■ **GOAL OF THE EXERCISE**:
Search the entries for the word "where" and pull out each line that has it.

#### INPUT FOR THIS TASK ####

(* Fix $l^0_{jk},l^0_{ki},l^0_{ij}>0$ and let $\mathcal{W}^{ijk}$ be the set of $(w_i,w_j,w_k)\in\mathbb{R}^3$ for which $l_{ab}>0$ defined by $\cosh\frac{l_{ab}}{2}=e^{w_a+w_b}\cosh\frac{l^0_{ab}}{2}$ exist for $ab\in\{jk,ki,ij\}$. For $(w_i,w_j,w_k)\in\mathcal{W}^{ijk}$, let $\theta^i_{jk},\theta^j_{ki},\theta^k_{ij}$ be the lengths of the sides opposite to the sides of lengths $l_{jk},l_{ki},l_{ij}$ in the hyperbolic right-angled hexagon whose three pairwise non-adjacent sides have lengths $l_{jk},l_{ki},l_{ij}$. Then the Jacobian matrix $\frac{\partial(\theta^i_{jk},\theta^j_{ki},\theta^k_{ij})}{\partial(w_i,w_j,w_k)}$ is symmetric.
   Context: For any three positive numbers there is a hyperbolic right-angled hexagon, unique up to isometry, whose three pairwise non-adjacent sides have these lengths. *)

theory Defs
  imports "HOL-Analysis.Analysis"
begin

definition edge_len :: "real \<Rightarrow> real \<Rightarrow> real \<Rightarrow> real" where
  "edge_len l0 wa wb = (THE l. l > 0 \<and> cosh (l / 2) = exp (wa + wb) * cosh (l0 / 2))"

text \<open>Length of the side opposite to the side of length a in the hyperbolic
right-angled hexagon whose three pairwise non-adjacent sides have lengths a, b, c
(hyperbolic cosine law for right-angled hexagons).\<close>
definition hex_opp :: "real \<Rightarrow> real \<Rightarrow> real \<Rightarrow> real" where
  "hex_opp a b c = (THE t. t > 0 \<and>
      cosh t = (cosh b * cosh c + cosh a) / (sinh b * sinh c))"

####

■ **OUTPUT OF THE TASK**:
definition edge_len :: "real \<Rightarrow> real \<Rightarrow> real \<Rightarrow> real" where
definition hex_opp :: "real \<Rightarrow> real \<Rightarrow> real \<Rightarrow> real" where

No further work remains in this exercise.